Superconductivity investigation of (Bi, Pb)-2223 added with different nanoferrites and their composites

Abstract In this study, the impact of different types of nanoferrites additions of Zn 0.5 Ni 0.5 Fe 2 O 4 and Ba 0.4 Sr 0.4 Ca 0.2 Fe 12 O 19 nanoparticles and their nanocomposite of (Zn 0.5 Ni 0.5 Fe 2 O 4 ) 0.5 (Ba 0.4 Sr 0.4 Ca 0.2 Fe 12 O 19 ) 0.5 on the structural and normal state resistivity of Bi 1.6 Pb 0.4 Sr 2 Ca 2 Cu 3 O 10 , ((Bi,Pb)-2223) superconducting phase were systematically investigated.
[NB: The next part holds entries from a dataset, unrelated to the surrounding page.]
lemma fib_poly_Suc_Suc: "fib_poly (Suc (Suc m)) s q = s * fib_poly (Suc m) s q + q * fib_poly m s q"
proof -
  define A where "A = (\<Sum>i\<le>Suc m. of_nat ((m - i) choose i) * q ^ Suc i * s ^ (m - 2 * i))"
  define B where "B = (\<Sum>i\<le>Suc m. of_nat ((m - i) choose Suc i) * q ^ Suc i * s ^ (m - 2 * i))"
  have pascal: "(Suc m - i) choose Suc i = ((m - i) choose i) + ((m - i) choose Suc i)" if "i \<le> Suc m" for i
    using that by (cases "i \<le> m") (auto simp: Suc_diff_le)
  have "fib_poly (Suc (Suc m)) s q = s ^ Suc (Suc m) +
      (\<Sum>i\<le>Suc m. of_nat ((Suc m - i) choose Suc i) * q ^ Suc i * s ^ (m - 2 * i))"
    unfolding fib_poly_def by (subst sum.atMost_Suc_shift) simp
  also have "\<dots> = s ^ Suc (Suc m) + A + B"
    unfolding A_def B_def add.assoc sum.distrib[symmetric]
    by (intro arg_cong2[where f = "(+)"] refl sum.cong) (simp_all add: pascal distrib_right)
  finally have fib_Suc_Suc: "fib_poly (Suc (Suc m)) s q = s ^ Suc (Suc m) + A + B" .
  have "A = q * fib_poly m s q"
    unfolding A_def fib_poly_def sum_distrib_left by (simp add: mult_ac)
  moreover have "s * fib_poly (Suc m) s q = s ^ Suc (Suc m) + B"
  proof -
    have "s * s ^ (Suc m - 2 * Suc i) = s ^ (m - 2 * i)" if "Suc i \<le> m - i" for i
    proof -
      have "Suc (Suc m - 2 * Suc i) = m - 2 * i"
        using that by simp
      then show ?thesis
        by (metis power_Suc)
    qed
    then have "(\<Sum>i\<le>m. of_nat ((m - i) choose Suc i) * q ^ Suc i * (s * s ^ (Suc m - 2 * Suc i))) =
        (\<Sum>i\<le>m. of_nat ((m - i) choose Suc i) * q ^ Suc i * s ^ (m - 2 * i))"
      by (intro sum.cong refl) (metis binomial_eq_0 not_less mult_zero_left of_nat_0)
    then show ?thesis
      unfolding fib_poly_def B_def sum_distrib_left
      by (subst sum.atMost_Suc_shift) (simp add: mult_ac)
  qed
  ultimately show ?thesis
    using fib_Suc_Suc by (simp add: algebra_simps)
qed

lemma power_add_power_eq_fib_poly:
  fixes a b :: "'a :: comm_ring_1"
  shows "a ^ (m + 2) + b ^ (m + 2) =
    fib_poly (m + 2) (a + b) (- (a * b)) - a * b * fib_poly m (a + b) (- (a * b))"
proof (induction m rule: induct_nat_012)
  case 0
  then show ?case
    by (simp add: numeral_2_eq_2 fib_poly_Suc_Suc algebra_simps)
next
  case 1
  then show ?case
    by (simp add: numeral_2_eq_2 numeral_3_eq_3 fib_poly_Suc_Suc algebra_simps)
next
  case (ge2 m)
  have "a ^ (Suc (Suc m) + 2) + b ^ (Suc (Suc m) + 2) =
      (a + b) * (a ^ (Suc m + 2) + b ^ (Suc m + 2)) - a * b * (a ^ (m + 2) + b ^ (m + 2))"
    by (simp add: algebra_simps)
  then show ?case
    unfolding ge2.IH by (simp add: fib_poly_Suc_Suc algebra_simps)
qed

lemma cc_Suc_eq_binomial_sum:
  assumes "i < r"
  shows "cc r (Suc i) = real ((2 * r - i) choose Suc i) + real ((2 * r - 1 - i) choose i)"
proof -
  let ?B = "real ((2 * r - i) choose Suc i)" and ?C = "real ((2 * r - 1 - i) choose i)"
  have n: "Suc (2 * r - 1 - i) = 2 * r - i" "2 * r - Suc i = 2 * r - 1 - i"
    using assms by simp_all
  have "(2 * r - i) * ((2 * r - 1 - i) choose i) = ((2 * r - i) choose Suc i) * Suc i"
    using Suc_times_binomial_eq[of "2 * r - 1 - i" i] by (simp only: n)
  then have B: "real (2 * r - i) * ?C = ?B * real (Suc i)"
    by (simp only: of_nat_mult[symmetric])
  have "cc r (Suc i) = (real (2 * r - i) + real (Suc i)) * ?C / real (Suc i)"
    unfolding cc_def n(2) using assms by (simp flip: of_nat_add)
  also have "\<dots> = ?B + ?C"
    unfolding distrib_right B by (simp add: field_simps)
  finally show ?thesis .
qed

lemma fib_poly_eq_sum_half:
  "fib_poly m s q = (\<Sum>j\<le>m div 2. of_nat ((m - j) choose j) * q ^ j * s ^ (m - 2 * j))"
  unfolding fib_poly_def
proof (rule sum.mono_neutral_right)
  show "\<forall>j\<in>{..m} - {..m div 2}. of_nat ((m - j) choose j) * q ^ j * s ^ (m - 2 * j) = 0"
  proof
    fix j
    assume "j \<in> {..m} - {..m div 2}"
    then have "m - j < j"
      by auto
    then show "of_nat ((m - j) choose j) * q ^ j * s ^ (m - 2 * j) = 0"
      by (simp add: binomial_eq_0)
  qed
qed auto

lemma fib_poly_odd_add:
  fixes s q :: "'a :: {comm_ring_1, real_algebra_1}"
  assumes "1 \<le> r"
  shows "fib_poly (2 * r + 1) s q + q * fib_poly (2 * r - 1) s q =
    s ^ (2 * r + 1) + (\<Sum>j = 1..r. of_real (cc r j) * s ^ (2 * r + 1 - 2 * j) * q ^ j)"
proof -
  let ?T = "\<lambda>i. s ^ (2 * r - 1 - 2 * i) * q ^ Suc i"
  have "fib_poly (2 * r + 1) s q = (\<Sum>j\<le>r. of_nat ((2 * r + 1 - j) choose j) * q ^ j * s ^ (2 * r + 1 - 2 * j))"
    using fib_poly_eq_sum_half[of "2 * r + 1"] by simp
  also have "\<dots> = s ^ (2 * r + 1) + (\<Sum>i<r. of_nat ((2 * r - i) choose Suc i) * ?T i)"
    by (simp add: sum.atMost_shift mult_ac)
  finally have odd: "fib_poly (2 * r + 1) s q = \<dots>" .
  obtain r' where r': "r = Suc r'"
    using assms by (cases r) auto
  have "fib_poly (2 * r - 1) s q = (\<Sum>i<r. of_nat ((2 * r - 1 - i) choose i) * q ^ i * s ^ (2 * r - 1 - 2 * i))"
    using fib_poly_eq_sum_half[of "2 * r - 1" s q] by (simp add: r' lessThan_Suc_atMost)
  then have odd': "q * fib_poly (2 * r - 1) s q = (\<Sum>i<r. of_nat ((2 * r - 1 - i) choose i) * ?T i)"
    by (simp add: sum_distrib_left mult_ac)
  have "(\<Sum>j = 1..r. of_real (cc r j) * s ^ (2 * r + 1 - 2 * j) * q ^ j) = (\<Sum>i<r. of_real (cc r (Suc i)) * ?T i)"
    by (simp add: sum.atLeast1_atMost_eq mult_ac)
  also have "\<dots> = (\<Sum>i<r. of_nat ((2 * r - i) choose Suc i) * ?T i + of_nat ((2 * r - 1 - i) choose i) * ?T i)"
    by (intro sum.cong refl) (simp add: cc_Suc_eq_binomial_sum distrib_right)
  finally show ?thesis
    unfolding odd odd' by (simp add: sum.distrib add.assoc)
qed

lemma f_odd_eq_1_on_line:
  fixes x y :: "'a :: {comm_ring_1, real_algebra_1}"
  assumes "1 \<le> r" "x + y = 1"
  shows "x ^ (2 * r + 1) + y ^ (2 * r + 1) + (\<Sum>j = 1..r. of_real (cc r j) * x ^ (2 * r + 1 - 2 * j) * y ^ j) = 1"
proof -
  have r: "2 * r - 1 + 2 = 2 * r + 1"
    using assms(1) by simp
  have ab: "1 + - y = x" "- (1 * - y) = y"
    using assms(2) by (simp_all add: algebra_simps)
  have "1 - y ^ (2 * r + 1) = fib_poly (2 * r + 1) x y + y * fib_poly (2 * r - 1) x y"
    using power_add_power_eq_fib_poly[where a = 1 and b = "- y" and m = "2 * r - 1"]
    unfolding r ab by simp
  then show ?thesis
    using fib_poly_odd_add[OF assms(1), of x y] by (simp add: algebra_simps)
qed

lemma eval_f_odd:
  "eval (f_odd r) x = x 0 ^ (2 * r + 1) + x 1 ^ (2 * r + 1)
    + (\<Sum>j = 1..r. of_real (cc r j) * x 0 ^ (2 * r + 1 - 2 * j) * x 1 ^ j)"
  by (simp add: f_odd_def)

lemma invariant_f_odd: "invariant (2 * r + 1) (\<lambda>i. i + 1) (f_odd r)"
  unfolding invariant_iff_act
proof (intro allI)
  fix j and x :: "nat \<Rightarrow> complex"
  define u where "u = zeta (2 * r + 1) ^ j"
  have u: "u ^ (2 * r + 1) = 1"
    unfolding u_def by (rule zeta_power_power_self) simp
  have "zeta (2 * r + 1) ^ (j * (1 + 1)) = u\<^sup>2"
    unfolding u_def by (simp only: one_add_one power_mult)
  then have act: "act (2 * r + 1) (\<lambda>i. i + 1) j x 0 = u * x 0" "act (2 * r + 1) (\<lambda>i. i + 1) j x 1 = u\<^sup>2 * x 1"
    by (simp_all add: act_def u_def)
  have monomial: "c * (u * x 0) ^ (2 * r + 1 - 2 * i) * (u\<^sup>2 * x 1) ^ i = c * x 0 ^ (2 * r + 1 - 2 * i) * x 1 ^ i"
    if "i \<le> r" for c i
  proof -
    have "c * (u * x 0) ^ (2 * r + 1 - 2 * i) * (u\<^sup>2 * x 1) ^ i
        = u ^ (2 * r + 1 - 2 * i + 2 * i) * (c * x 0 ^ (2 * r + 1 - 2 * i) * x 1 ^ i)"
      by (simp add: power_mult_distrib power_add power_mult[symmetric] mult_ac)
    also have "2 * r + 1 - 2 * i + 2 * i = 2 * r + 1"
      using that by simp
    also note u
    finally show ?thesis
      by simp
  qed
  have sum: "(\<Sum>i = 1..r. of_real (cc r i) * (u * x 0) ^ (2 * r + 1 - 2 * i) * (u\<^sup>2 * x 1) ^ i)
      = (\<Sum>i = 1..r. of_real (cc r i) * x 0 ^ (2 * r + 1 - 2 * i) * x 1 ^ i)"
    by (intro sum.cong refl monomial) simp
  have "(u\<^sup>2) ^ (2 * r + 1) = (u ^ (2 * r + 1))\<^sup>2"
    by (simp only: power_mult[symmetric] mult.commute)
  then have x1: "(u\<^sup>2 * x 1) ^ (2 * r + 1) = x 1 ^ (2 * r + 1)"
    using u by (simp only: power_mult_distrib) simp
  have x0: "(u * x 0) ^ (2 * r + 1) = x 0 ^ (2 * r + 1)"
    using u by (simp only: power_mult_distrib) simp
  show "eval (f_odd r) (act (2 * r + 1) (\<lambda>i. i + 1) j x) = eval (f_odd r) x"
    by (simp only: eval_f_odd act x0 x1 sum)
qed

lemma decomposition_f_odd:
  assumes r: "1 \<le> r" and G: "special 2 (2 * r + 1) (\<lambda>i. i + 1) G"
  shows "\<exists>H. vars H \<subseteq> {..<2} \<and> invariant (2 * r + 1) (\<lambda>i. i + 1) H \<and> G = f_odd r - H + H * f_odd r"
proof -
  define L where "L = Var 0 ^ (2 * r + 1) - 1 +
    (\<Sum>j = 1..r. (Const (cc r j) * Var 0 ^ (2 * r + 1 - 2 * j)) * Var 1 ^ j)"
  have "\<exists>H. vars H \<subseteq> {..<Suc 1} \<and> invariant (2 * r + 1) (\<lambda>i. i + 1) H \<and> G = f_odd r - H + H * f_odd r"
  proof (rule decomposition_of_invariant)
    show "f_odd r = 1 + Var 1 ^ (2 * r + 1) + L"
      unfolding L_def f_odd_def by (simp add: algebra_simps)
    show "deg_less 1 (2 * r + 1) L"
      unfolding L_def
      by (intro deg_less_add deg_less_diff deg_less_sum deg_less_monomial deg_less_const
          vars_subset_intros) auto
    show "invariant (2 * r + 1) (\<lambda>i. i + 1) (f_odd r)"
      by (rule invariant_f_odd)
    show "eval (f_odd r) x = 1" if "(\<Sum>i<Suc 1. x i) = 1" for x :: "nat \<Rightarrow> complex"
      unfolding eval_f_odd using f_odd_eq_1_on_line[OF r] that by simp
    show "finite {t. \<not> inj_on (hyperplane_point (2 * r + 1) (\<lambda>i. i + 1) 1 (w(0 := t))) {..<2 * r + 1}}"
      for w
      using finite_not_inj_on_hyperplane_point[of "2 * r + 1" "\<lambda>i. i + 1" 0] by simp
  qed (use G in \<open>auto simp: special_def numeral_2_eq_2\<close>)
  then show ?thesis
    by (simp add: numeral_2_eq_2)
qed

lemma eval_Klein_F:
  "eval Klein_F x = x 0^7 + x 1^7 + x 2^7
     + 14 * (x 0^3*x 1^2 + x 0^2*x 2^3 + x 1^3*x 2^2 + x 0*x 1*x 2)
     + 7 * (x 0^5*x 1 + x 0*x 2^5 + x 1^5*x 2 + x 0*x 1^3 + x 0^3*x 2 + x 1*x 2^3)
     + 7 * (x 0*x 1^2*x 2^4 + x 0^2*x 1^4*x 2 + x 0^4*x 1*x 2^2 + x 0^2*x 1^2*x 2^2)"
  by (simp add: Klein_F_def Let_def)

lemma Klein_F_eq_1_on_plane:
  fixes x y z :: "'a :: idom"
  assumes "x + y + z = 1"
  shows "x^7 + y^7 + z^7
     + 14 * (x^3*y^2 + x^2*z^3 + y^3*z^2 + x*y*z)
     + 7 * (x^5*y + x*z^5 + y^5*z + x*y^3 + x^3*z + y*z^3)
     + 7 * (x*y^2*z^4 + x^2*y^4*z + x^4*y*z^2 + x^2*y^2*z^2) = 1"
proof -
  have "z = 1 - x - y"
    using assms by (simp add: algebra_simps)
  then show ?thesis
    by algebra
qed

lemma Klein_F_rotation_invariant:
  fixes x y z u :: "'a :: idom"
  assumes "u^7 = 1"
  shows "(u*x)^7 + (u^2*y)^7 + (u^4*z)^7
     + 14 * ((u*x)^3*(u^2*y)^2 + (u*x)^2*(u^4*z)^3 + (u^2*y)^3*(u^4*z)^2 + (u*x)*(u^2*y)*(u^4*z))
     + 7 * ((u*x)^5*(u^2*y) + (u*x)*(u^4*z)^5 + (u^2*y)^5*(u^4*z) + (u*x)*(u^2*y)^3
       + (u*x)^3*(u^4*z) + (u^2*y)*(u^4*z)^3)
     + 7 * ((u*x)*(u^2*y)^2*(u^4*z)^4 + (u*x)^2*(u^2*y)^4*(u^4*z) + (u*x)^4*(u^2*y)*(u^4*z)^2
       + (u*x)^2*(u^2*y)^2*(u^4*z)^2)
   = x^7 + y^7 + z^7
     + 14 * (x^3*y^2 + x^2*z^3 + y^3*z^2 + x*y*z)
     + 7 * (x^5*y + x*z^5 + y^5*z + x*y^3 + x^3*z + y*z^3)
     + 7 * (x*y^2*z^4 + x^2*y^4*z + x^4*y*z^2 + x^2*y^2*z^2)"
  using assms by algebra

lemma invariant_Klein_F: "invariant 7 (\<lambda>i. 2 ^ i) Klein_F"
  unfolding invariant_iff_act
proof (intro allI)
  fix j and x :: "nat \<Rightarrow> complex"
  have "(zeta 7 ^ j) ^ 7 = 1"
    by simp
  then show "eval Klein_F (act 7 (\<lambda>i. 2 ^ i) j x) = eval Klein_F x"
    unfolding eval_Klein_F using Klein_F_rotation_invariant[of "zeta 7 ^ j" "x 0" "x 1" "x 2"]
    by (simp add: act_def power_mult)
qed

lemma decomposition_Klein_F:
  assumes G: "special 3 7 (\<lambda>i. 2 ^ i) G"
  shows "\<exists>H. vars H \<subseteq> {..<3} \<and> invariant 7 (\<lambda>i. 2 ^ i) H \<and> G = Klein_F - H + H * Klein_F"
proof -
  define L where "L = Klein_F - 1 - Var 2 ^ 7"
  have "\<exists>H. vars H \<subseteq> {..<Suc 2} \<and> invariant 7 (\<lambda>i. 2 ^ i) H \<and> G = Klein_F - H + H * Klein_F"
  proof (rule decomposition_of_invariant)
    show "Klein_F = 1 + Var 2 ^ 7 + L"
      unfolding L_def by simp
    have "L = Var 0 ^ 7 + Var 1 ^ 7 - 1
       + Const 14 * (Var 0^3*Var 1^2 + Var 0^2*Var 2^3 + Var 1^3*Var 2^2 + Var 0*Var 1*Var 2)
       + Const 7 * (Var 0^5*Var 1 + Var 0*Var 2^5 + Var 1^5*Var 2 + Var 0*Var 1^3 + Var 0^3*Var 2
         + Var 1*Var 2^3)
       + Const 7 * (Var 0*Var 1^2*Var 2^4 + Var 0^2*Var 1^4*Var 2 + Var 0^4*Var 1*Var 2^2
         + Var 0^2*Var 1^2*Var 2^2)"
      unfolding L_def Klein_F_def Let_def Const_def by (simp add: algebra_simps)
    then show "deg_less 2 7 L"
      \<comment> \<open>the monomial rules must precede \<open>deg_less_mult_left\<close>, which would split
        \<open>X\<^sub>0\<^sup>2 X\<^sub>2\<^sup>3\<close> at the wrong factor and make the search backtrack exponentially\<close>
      by (simp only:)
        (intro deg_less_add deg_less_diff deg_less_monomial deg_less_mult_Var deg_less_mult_left
          deg_less_const vars_subset_intros; simp)
    show "invariant 7 (\<lambda>i. 2 ^ i) Klein_F"
      by (rule invariant_Klein_F)
    show "eval Klein_F x = 1" if "(\<Sum>i<Suc 2. x i) = 1" for x :: "nat \<Rightarrow> complex"
      unfolding eval_Klein_F using that by (intro Klein_F_eq_1_on_plane) (simp add: numeral_2_eq_2)
    have "coprime (2 :: nat) 7"
      by (simp add: coprime_iff_gcd_eq_1 gcd_non_0_nat)
    then show "finite {t. \<not> inj_on (hyperplane_point 7 (\<lambda>i. 2 ^ i) 2 (w(1 := t))) {..<7}}" for w
      using finite_not_inj_on_hyperplane_point[of 7 "\<lambda>i. 2 ^ i" 1] by (simp add: numeral_2_eq_2)
  qed (use G in \<open>auto simp: special_def numeral_3_eq_3\<close>)
  then show ?thesis
    by (simp add: numeral_3_eq_3)
qed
The samples were synthesised using high purity oxide powders via a solid-state reaction approach. Based on the Rietveld analysis of x-ray diffraction (XRD) data, the tetragonal structure of (Bi,Pb)-2223 was established to be the predominant phase for all composite samples of the three nano-additions’ contents. However, a little change to the lattice parameters ( a and c ) was obtained. Furthermore, the small amounts (0.04 wt%) of Ba 0.4 Sr 0.4 Ca 0.2 Fe 12 O 19 and (Zn 0.5 Ni 0.5 Fe 2 O 4 ) 0.5 (Ba 0.4 Sr 0.4 Ca 0.2 Fe 12 O 19 ) 0.5 improved the development of the (Bi,Pb)-2223 phase. The volume fraction of the (Bi,Pb)-2223 phase increased from 86.47% to 88.73% and 88.69%, respectively. Then, it declined to 74.25% and 71.48% upon rising x to 0.40 wt%, respectively, as well as for Zn 0.5 Ni 0.5 Fe 2 O 4 nanoparticles up to 0.40 wt%. SEM images verify the host superconducting matrix’s granular structure for all three nanoadditions up to 0.40 wt%. The existence of three nano additions in the host superconductor matrix is verified by employing energy dispersive x-ray (EDX) and x-ray photoelectron spectroscopy (XPS) analysis. The measurements for the resistivity dependency of temperature presented that, as compared to the pure sample (T c = 108.67 K), the nano-(Zn 0.5 Ni 0.5 Fe 2 O 4 ) x added in the (Bi,Pb)-2223 phase exhibits more negative impact than it is with the other two additions. In contrast, the nano-(Ba 0.4 Sr 0.4 Ca 0.2 Fe 12 O 19 ) x has the highest value of T c with a value of 110.95 K at x = 0.04 wt%. Furthermore, the superconducting transition width (∆T c ) improved for all composite samples except for the sample at x = 0.04 wt%, for Ba 0.4 Sr 0.4 Ca 0.2 Fe 12 O 19 and (Zn 0.5 Ni 0.5 Fe 2 O 4 ) 0.5 (Ba 0.4 Sr 0.4 Ca 0.2 Fe 12 O 19 ) 0.5 which showed the sharpest transition width. This suggests that their addition is anticipated to act as artificial pinning centers and strengthen the coupling between the grains in the (Bi,Pb)-2223 ceramic.